HOUSE DISTRICT 3 candidate Andrea Getts offered a unique idea for the state surplus. The Democrat from Columbia Falls said Montana could mimic North Dakota and create a state bank and reinvest the profits into state programs.
She was in favor of creating low-interest loan programs for small business and first-time homeowners. On property taxes, Getts said some type of circuit breaker cap would be helpful.
Getts is challenging Republican incumbent Braxton Mitchell, who did not attend the forum.
Republican candidate for Whtiefish’s House District 5, Lyn Bennet said she would like to see the surplus returned to taxpayers. She would also favor a freeze on property taxes.
On affordable housing, Bennet said price caps and subsidies won’t work.
“Housing could become more affordable by fast-tracking the permitting process, lowering impact fees, allowing AUDs and relaxing the excessive local zoning and regulations,” she said.
Bennet is challenging incumbent Democrat Rep. Dave Fern, who was in Helena and not able to attend the forum.
Libertarian for House District 8, Sid Daoud was the lone candidate to argue against returning the surplus to taxpayers through direct reimbursement, which he said would be too costly. Instead, he said any funds left over after paying down debt should be moved toward a reduction in property taxes.

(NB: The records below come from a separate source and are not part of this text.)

(* Let $T$ be an operator function on an interval $\Delta$ satisfying (A1)–(A3) and (VM). Let $a>0$, $\mu_1,\mu_2\in\Delta$ with $\mu_1<\mu_2$, and let $\mathcal M$ be a subspace of $\mathcal D$. Suppose $\mu_2\in\sigma(T)$ and $\mathfrak t(\mu_2)[x]\ge a\|x\|^2$ for all $x\in\mathcal M$. Then there exists a subspace $\mathcal M'$ with $\mathcal M\subsetneq\mathcal M'\subset\mathcal D$ such that $\mathfrak t(\mu_1)[x]>0$ for all $x\in\mathcal M'\setminus\{0\}$.
   Context: "Subspace" means linear manifold, not necessarily closed. For a self-adjoint operator $A$ with spectral measure $E$, its form is $\mathfrak a[x,y]=\int_{\mathbb R}\mu\,d\langle E(\mu)x,y\rangle$ on $\mathrm{dom}(|A|^{1/2})$, $\mathfrak a[x]:=\mathfrak a[x,x]$. $\sigma(T)=\{\lambda\in\Delta:0\in\sigma(T(\lambda))\}$. (A1) $T(\lambda)$ self-adjoint for each $\lambda\in\Delta$, with form $\mathfrak t(\lambda)$; (A2) $\mathrm{dom}\,\mathfrak t(\lambda)=:\mathcal D$ independent of $\lambda$; (A3) for each $x\in\mathcal D\setminus\{0\}$, $\lambda\mapsto\mathfrak t(\lambda)[x]$ is continuous, and if $\mathfrak t(\lambda_0)[x]=0$ then $\mathfrak t(\lambda)[x]>0$ for $\lambda<\lambda_0$ and $<0$ for $\lambda>\lambda_0$ ($\lambda\in\Delta$). (VM): for every $u\in\mathcal D$, $\mathfrak t(\cdot)[u]$ is differentiable on $\Delta$ with derivative $\mathfrak t'(\cdot)[u]$, and for every compact subinterval $I\subset\Delta$ there are $\varepsilon,\delta>0$ with: $x\in\mathcal D$, $\|x\|=1$, $\lambda\in I$, $|\mathfrak t(\lambda)[x]|\le\varepsilon$ imply $\mathfrak t'(\lambda)[x]\le-\delta$. *)

theory Defs
  imports "HOL-Analysis.Analysis" "HOL-Probability.Probability"
begin

text \<open>A complex Hilbert space is encoded as a real Hilbert space (type class
  real_inner + complete_space, whose inner product is the real part of the complex
  one) together with a complex structure J (multiplication by the imaginary unit).\<close>

definition complex_structure :: "('h::real_inner \<Rightarrow> 'h) \<Rightarrow> bool" where
  "complex_structure J \<longleftrightarrow> linear J \<and> (\<forall>x. J (J x) = - x) \<and> (\<forall>x y. inner (J x) (J y) = inner x y)"
(* For every response $y$, $$\mathbb{E}_N\big[(\hat\pi_N(y|x))^2\big]=\frac{(\phi_\beta(y|x))^2}{1-e^{-n}}\int_0^\infty\!\!\int_0^\infty\big(n+n^2\Phi_\beta(s_1)\Phi_\beta(s_2)\big)(\pi_{\mathrm{gen}}(y|x))^2e^{-(s_1+s_2)\phi_\beta(y|x)}\exp\big(n[\Phi_\beta(s_1)\Phi_\beta(s_2)-1]\big)\,ds_1\,ds_2.$$
   Context: Fix a prompt $x$, a countable response space $\mathcal{Y}$, conditional distributions $\pi_{\mathrm{target}}$ and $\pi_{\mathrm{gen}}$ (full support), a reward $r$, and $\beta>0$. Let $\phi_\beta(y|x)=\frac{\pi_{\mathrm{target}}(y|x)}{\pi_{\mathrm{gen}}(y|x)}e^{\beta r(y|x)}$ and $\Phi_\beta(s)=\mathbb{E}_{Y\sim\pi_{\mathrm{gen}}(\cdot|x)}[e^{-s\phi_\beta(Y|x)}]$ for $s\ge0$. Let $N\sim\mathrm{Poi}(n)|_{>0}$ (Poisson with mean $n$ conditioned to be positive) and, given $N$, let $Y_1,\dots,Y_N$ be i.i.d. from $\pi_{\mathrm{gen}}(\cdot|x)$; $N_y$ is the number of $j$ with $Y_j=y$ and $Z=\sum_{j=1}^N\phi_\beta(Y_j|x)$. Define $\hat\pi_N(y|x)=\mathbb{E}[N_y\phi_\beta(y|x)/Z\mid N]$. *)

theory Defs
  imports "HOL-Probability.Probability"
begin

text \<open>The prompt x is fixed throughout, so conditional distributions on x are
  represented simply as pmfs on the countable response type 'y.\<close>

definition phi_beta :: "'y pmf \<Rightarrow> 'y pmf \<Rightarrow> ('y \<Rightarrow> real) \<Rightarrow> real \<Rightarrow> 'y \<Rightarrow> real" where
  "phi_beta pt pg r \<beta> y = pmf pt y / pmf pg y * exp (\<beta> * r y)"

definition Phi_beta :: "'y pmf \<Rightarrow> 'y pmf \<Rightarrow> ('y \<Rightarrow> real) \<Rightarrow> real \<Rightarrow> real \<Rightarrow> real" where
  "Phi_beta pt pg r \<beta> s =
     measure_pmf.expectation pg (\<lambda>Y. exp (- s * phi_beta pt pg r \<beta> Y))"

definition N_dist :: "real \<Rightarrow> nat pmf" where
  "N_dist n = cond_pmf (poisson_pmf n) {k. 0 < k}"

text \<open>Given N = k, the samples Y_0..Y_{k-1} are iid from pg (a random function on {..<k}).
  pihat k y = E[ N_y * phi(y) / Z | N = k ], with N_y = #{j<k. Y_j = y}, Z = sum_j phi(Y_j).\<close>
definition pihat :: "'y pmf \<Rightarrow> 'y pmf \<Rightarrow> ('y \<Rightarrow> real) \<Rightarrow> real \<Rightarrow> nat \<Rightarrow> 'y \<Rightarrow> real" where
  "pihat pt pg r \<beta> k y =
     measure_pmf.expectation (Pi_pmf {..<k} undefined (\<lambda>_. pg))
       (\<lambda>Y. real (card {j\<in>{..<k}. Y j = y}) * phi_beta pt pg r \<beta> y
             / (\<Sum>j<k. phi_beta pt pg r \<beta> (Y j)))"

end

theory Submission
  imports Defs
begin

text \<open>Writing \<open>1/Z = \<integral>\<^sub>0\<^sup>\<infinity> exp (-s Z) ds\<close> and using the independence of the samples,
  the conditional expectation given \<open>N = k\<close> becomes
  \<open>\<phi>(y) \<pi>\<^sub>g\<^sub>e\<^sub>n(y) k \<integral>\<^sub>0\<^sup>\<infinity> exp (-s \<phi>(y)) \<Phi>(s)\<^bsup>k-1\<^esup> ds\<close>.
  Its square is a double integral whose integrand contains \<open>(\<Phi>(s\<^sub>1) \<Phi>(s\<^sub>2))\<^bsup>k-1\<^esup>\<close>, and averaging over
  the truncated Poisson law sums the series \<open>\<Sum>\<^sub>k k\<^sup>2 n\<^sup>k/k! x\<^bsup>k-1\<^esup> = (n + n\<^sup>2 x) e\<^bsup>nx\<^esup>\<close>.
  All terms are nonnegative and dominated by a multiple of \<open>exp (-(s\<^sub>1 + s\<^sub>2) \<phi>(y))\<close>, so the series
  may be integrated termwise.\<close>

lemma has_bochner_integral_exp_neg_mult:
  fixes c :: real
  assumes "c > 0"
  shows "has_bochner_integral lborel (\<lambda>s. indicator {0..} s * exp (- s * c)) (1 / c)"
proof (rule has_bochner_integral_nn_integral)
  have "(\<integral>\<^sup>+ s. ennreal (indicator {0..} s * exp (- s * c)) \<partial>lborel)
      = (\<integral>\<^sup>+ s. ennreal (1 / c) * ennreal (erlang_density 0 c s * s ^ 0) \<partial>lborel)"
    using assms
    by (intro nn_integral_cong) (auto simp: erlang_density_def ennreal_mult'[symmetric] indicator_def)
  also have "\<dots> = ennreal (1 / c)"
    using nn_integral_erlang_ith_moment[OF assms, of 0 0] by (simp add: nn_integral_cmult)
  finally show "(\<integral>\<^sup>+ s. ennreal (indicator {0..} s * exp (- s * c)) \<partial>lborel) = ennreal (1 / c)" .
qed (use assms in auto)

lemma has_bochner_integral_mult_exp_neg_mult:
  fixes a z :: real
  assumes "0 < z \<or> a = 0"
  shows "has_bochner_integral lborel (\<lambda>s. indicator {0..} s * (a * exp (- s * z))) (a / z)"
  using assms
proof
  assume "0 < z"
  from has_bochner_integral_mult_right[OF has_bochner_integral_exp_neg_mult[OF this], of a]
  show ?thesis by (simp add: mult_ac)
qed (simp add: has_bochner_integral_zero)

lemma sums_integral_nonneg:
  fixes f :: "nat \<Rightarrow> 'a \<Rightarrow> real"
  assumes f: "\<And>i. integrable M (f i)" and nonneg: "\<And>i x. 0 \<le> f i x"
    and sums: "\<And>x. (\<lambda>i. f i x) sums S x" and S: "integrable M S"
  shows "(\<lambda>i. integral\<^sup>L M (f i)) sums integral\<^sup>L M S"
proof -
  have "(\<lambda>m. \<integral>x. (\<Sum>i<m. f i x) \<partial>M) \<longlonglongrightarrow> integral\<^sup>L M S"
  proof (rule integral_dominated_convergence[OF _ _ S])
    show "AE x in M. (\<lambda>m. \<Sum>i<m. f i x) \<longlonglongrightarrow> S x"
      using sums by (simp add: sums_def)
    show "AE x in M. norm (\<Sum>i<m. f i x) \<le> S x" for m
      using sums sum_le_suminf[of "\<lambda>i. f i _" "{..<m}"] nonneg
      by (auto simp: sums_iff sum_nonneg)
  qed (use f S in auto)
  then show ?thesis
    by (simp add: sums_def f)
qed
(* Let $\Gamma_2$ be the mapping class group of a closed orientable surface of genus $2$, and let $U(2)\subset Sp(4,\mathbb R)$ be a maximal compact subgroup. Then the natural map $$Hom(\Gamma_2,U(2))\to Hom(\Gamma_2,Sp(4,\mathbb R))$$ induced by the inclusion is not surjective on path-components.
   Context: For a finitely generated group $\pi$ and a Lie group $G$, $Hom(\pi,G)$ is the space of homomorphisms $\pi\to G$, topologized as a subspace of $G^k$ via evaluation on a finite generating set; a map of spaces is surjective on path-components if every path-component of the target contains a point of the image. *)

theory Defs
  imports "HOL-Analysis.Analysis"
begin

text \<open>Standard symplectic form on R^4 (indices 0,1,2,3 of the numeral type 4):
  J = [[0, I],[-I, 0]].\<close>
definition J4 :: "real^4^4" where
  "J4 = (\<chi> i j. if (i = 0 \<and> j = 2) \<or> (i = 1 \<and> j = 3) then 1
                 else if (i = 2 \<and> j = 0) \<or> (i = 3 \<and> j = 1) then -1 else 0)"

definition Sp4 :: "(real^4^4) set" where
  "Sp4 = {M. transpose M ** J4 ** M = J4}"

definition U2 :: "(real^4^4) set" where
  "U2 = {M \<in> Sp4. transpose M ** M = mat 1}"

text \<open>Evaluation of a positive word in the generators a_1..a_5 (indices 0..4).\<close>
definition wrd :: "(real^4^4)^5 \<Rightarrow> 5 list \<Rightarrow> real^4^4" where
  "wrd \<rho> xs = foldr (\<lambda>i M. (\<rho> $ i) ** M) xs (mat 1)"

text \<open>Birman--Hilden presentation of the genus 2 mapping class group:
  generators a_1,...,a_5 (Dehn twists along a chain of curves), relations:
  far commutation, braid relations, (a1 a2 a3 a4 a5)^6 = 1,
  (a1 a2 a3 a4 a5^2 a4 a3 a2 a1)^2 = 1, and a1 commutes with
  a1 a2 a3 a4 a5^2 a4 a3 a2 a1.\<close>
definition gamma2_rel :: "(real^4^4)^5 \<Rightarrow> bool" where
  "gamma2_rel \<rho> \<longleftrightarrow>
     (\<forall>(i,j)\<in>{(0::5,2::5),(0,3),(0,4),(1,3),(1,4),(2,4)}. wrd \<rho> [i,j] = wrd \<rho> [j,i]) \<and>
     (\<forall>(i,j)\<in>{(0::5,1::5),(1,2),(2,3),(3,4)}. wrd \<rho> [i,j,i] = wrd \<rho> [j,i,j]) \<and>
     wrd \<rho> (concat (replicate 6 [0,1,2,3,4])) = mat 1 \<and>
     wrd \<rho> (concat (replicate 2 [0,1,2,3,4,4,3,2,1,0])) = mat 1 \<and>
     wrd \<rho> (0 # [0,1,2,3,4,4,3,2,1,0]) = wrd \<rho> ([0,1,2,3,4,4,3,2,1,0] @ [0])"

text \<open>Hom(\<Gamma>_2, G) as a subspace of G^5 via evaluation on the generators.\<close>
definition HomGamma2 :: "(real^4^4) set \<Rightarrow> ((real^4^4)^5) set" where
  "HomGamma2 G = {\<rho>. (\<forall>i. \<rho> $ i \<in> G) \<and> gamma2_rel \<rho>}"

end

(*
  The Dehn twists a_1, ..., a_5 act on H_1 of the genus 2 surface by symplectic
  transvections, and in this representation c = a_1 a_2 a_3 a_4 a_5 has order 6, so c^2 is
  not the identity.

  A matrix in U(2) commutes with J4, i.e. it is a complex-linear map of C^2, so a unitary
  representation is a representation in GL_2(C). There the chain relations force all
  generators to coincide: a braid relation between two commuting invertible elements makes
  them equal, and the centralizer of a non-scalar 2x2 matrix is commutative. With a single
  generator a, the relations say a^30 = a^20 = 1, hence c^2 = a^10 = 1.

  In every representation Q = c^2 satisfies Q^3 = 1, so det (Q^2 + Q + 1) vanishes unless
  Q = 1, where it equals 3^4 = 81. This continuous function with values in {0, 81} is
  constant on path components and separates the symplectic representation from all
  unitary ones.
*)

theory Submission
  imports Defs
begin

lemma continuous_on_matrix_mult [continuous_intros]:
  fixes f :: "'a::topological_space \<Rightarrow> 'b::real_normed_algebra_1^'n^'m"
    and g :: "'a \<Rightarrow> 'b^'p^'n"
  shows "continuous_on S f \<Longrightarrow> continuous_on S g \<Longrightarrow> continuous_on S (\<lambda>x. f x ** g x)"
  unfolding matrix_matrix_mult_def by (intro continuous_intros)

lemma continuous_on_det [continuous_intros]:
  fixes f :: "'a::topological_space \<Rightarrow> 'b::{real_normed_algebra_1,comm_ring_1}^'n^'n"
  shows "continuous_on S f \<Longrightarrow> continuous_on S (\<lambda>x. det (f x))"
  unfolding det_def by (intro continuous_intros)

lemma path_component_finite_range_eq:
  fixes f :: "'a::topological_space \<Rightarrow> 'b::real_normed_algebra_1"
  assumes f: "continuous_on S f" "finite (f ` S)" and xy: "path_component S x y"
  shows "f x = f y"
proof -
  let ?C = "path_component_set S x"
  have "?C \<subseteq> S"
    by (rule path_component_subset)
  have "f constant_on ?C"
  proof (rule continuous_finite_range_constant)
    show "connected ?C"
      by (simp add: path_connected_imp_connected)
    show "continuous_on ?C f"
      using f(1) \<open>?C \<subseteq> S\<close> by (rule continuous_on_subset)
    show "finite (f ` ?C)"
      using f(2) \<open>?C \<subseteq> S\<close> by (meson finite_subset image_mono)
  qed
  moreover have "x \<in> ?C" "y \<in> ?C"
    using xy by (auto intro: path_component_refl path_component_mem)
  ultimately show ?thesis
    by (auto simp: constant_on_def)
qed

lemma det_mat: "det (mat c :: 'a::comm_ring_1^'n^'n) = c ^ CARD('n)"
  by (simp add: det_diagonal mat_def)

lemma mat_eq_1_if_cube_eq_1:
  fixes Q :: "'a::field^'n^'n"
  assumes cube: "Q ** Q ** Q = mat 1" and det: "det (Q ** Q + Q + mat 1) \<noteq> 0"
  shows "Q = mat 1"
proof -
  let ?F = "Q ** Q + Q + mat 1"
  have QF: "Q ** ?F = ?F"
    using cube by (simp add: matrix_add_ldistrib matrix_mul_assoc add_ac)
  obtain F' where F': "?F ** F' = mat 1"
    using det invertible_det_nz invertible_def by blast
  have "Q = Q ** ?F ** F'"
    by (simp add: F' flip: matrix_mul_assoc)
  also have "\<dots> = mat 1"
    by (simp add: QF F')
  finally show ?thesis .
qed

lemma eq_if_braid_commute:
  fixes X Y :: "'a::semiring_1^'n^'n"
  assumes "invertible X" "invertible Y"
    and braid: "X ** Y ** X = Y ** X ** Y" and comm: "X ** Y = Y ** X"
  shows "X = Y"
proof -
  obtain X' Y' where X': "X' ** X = mat 1" and Y': "Y ** Y' = mat 1"
    using assms(1,2) invertible_def by blast
  have "X ** (X ** Y) = X ** (Y ** Y)"
    using braid comm by (metis matrix_mul_assoc)
  then have "X ** Y = Y ** Y"
    by (metis X' matrix_mul_assoc matrix_mul_lid)
  then show ?thesis
    by (metis Y' matrix_mul_assoc matrix_mul_rid)
qed

definition proportional :: "'a::times \<times> 'a \<times> 'a \<Rightarrow> 'a \<times> 'a \<times> 'a \<Rightarrow> bool" where
  "proportional u v \<longleftrightarrow> (case (u, v) of ((a, b, c), (x, y, z)) \<Rightarrow>
     a * y = b * x \<and> a * z = c * x \<and> b * z = c * y)"

lemma proportional_trans:
  fixes u v w :: "'a::field \<times> 'a \<times> 'a"
  assumes "proportional u v" "proportional u w" "u \<noteq> (0, 0, 0)"
  shows "proportional v w"
proof -
  obtain a b c x1 y1 z1 x2 y2 z2 where uvw: "u = (a, b, c)" "v = (x1, y1, z1)" "w = (x2, y2, z2)"
    by (metis prod_cases3)
  have h: "a * y1 = b * x1" "a * z1 = c * x1" "b * z1 = c * y1"
          "a * y2 = b * x2" "a * z2 = c * x2" "b * z2 = c * y2"
    using assms(1,2) by (simp_all add: proportional_def uvw)
  consider "a \<noteq> 0" | "b \<noteq> 0" | "c \<noteq> 0"
    using assms(3) uvw by blast
  then show ?thesis
  proof cases
    case 1
    have "a * (x1 * y2 - x2 * y1) = 0" "a * (x1 * z2 - x2 * z1) = 0"
         "a * a * (y1 * z2 - y2 * z1) = 0"
      using h by algebra+
    with 1 show ?thesis by (simp add: proportional_def uvw)
  next
    case 2
    have "b * b * (x1 * y2 - x2 * y1) = 0" "b * b * (x1 * z2 - x2 * z1) = 0"
         "b * (y1 * z2 - y2 * z1) = 0"
      using h by algebra+
    with 2 show ?thesis by (simp add: proportional_def uvw)
  next
    case 3
    have "c * c * (x1 * y2 - x2 * y1) = 0" "c * (x1 * z2 - x2 * z1) = 0"
         "c * (y1 * z2 - y2 * z1) = 0"
      using h by algebra+
    with 3 show ?thesis by (simp add: proportional_def uvw)
  qed
qed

Daoud, a Kalispell City Council member, said it’s vital the state wean itself off property taxes and look for alternative revenue streams such as local option sales taxes.
Daoud called housing his top issue, and blamed the cost of construction and lack of workers for permitted projects going unbuilt.
“I know where there’s a whole bunch of construction workers if we look a little bit to our south,” he said.
Daoud said the long-term fix to housing “is to allow the free market to correct itself.”
Daoud’s challenger, Republican Terry Falk, did not attend the forum.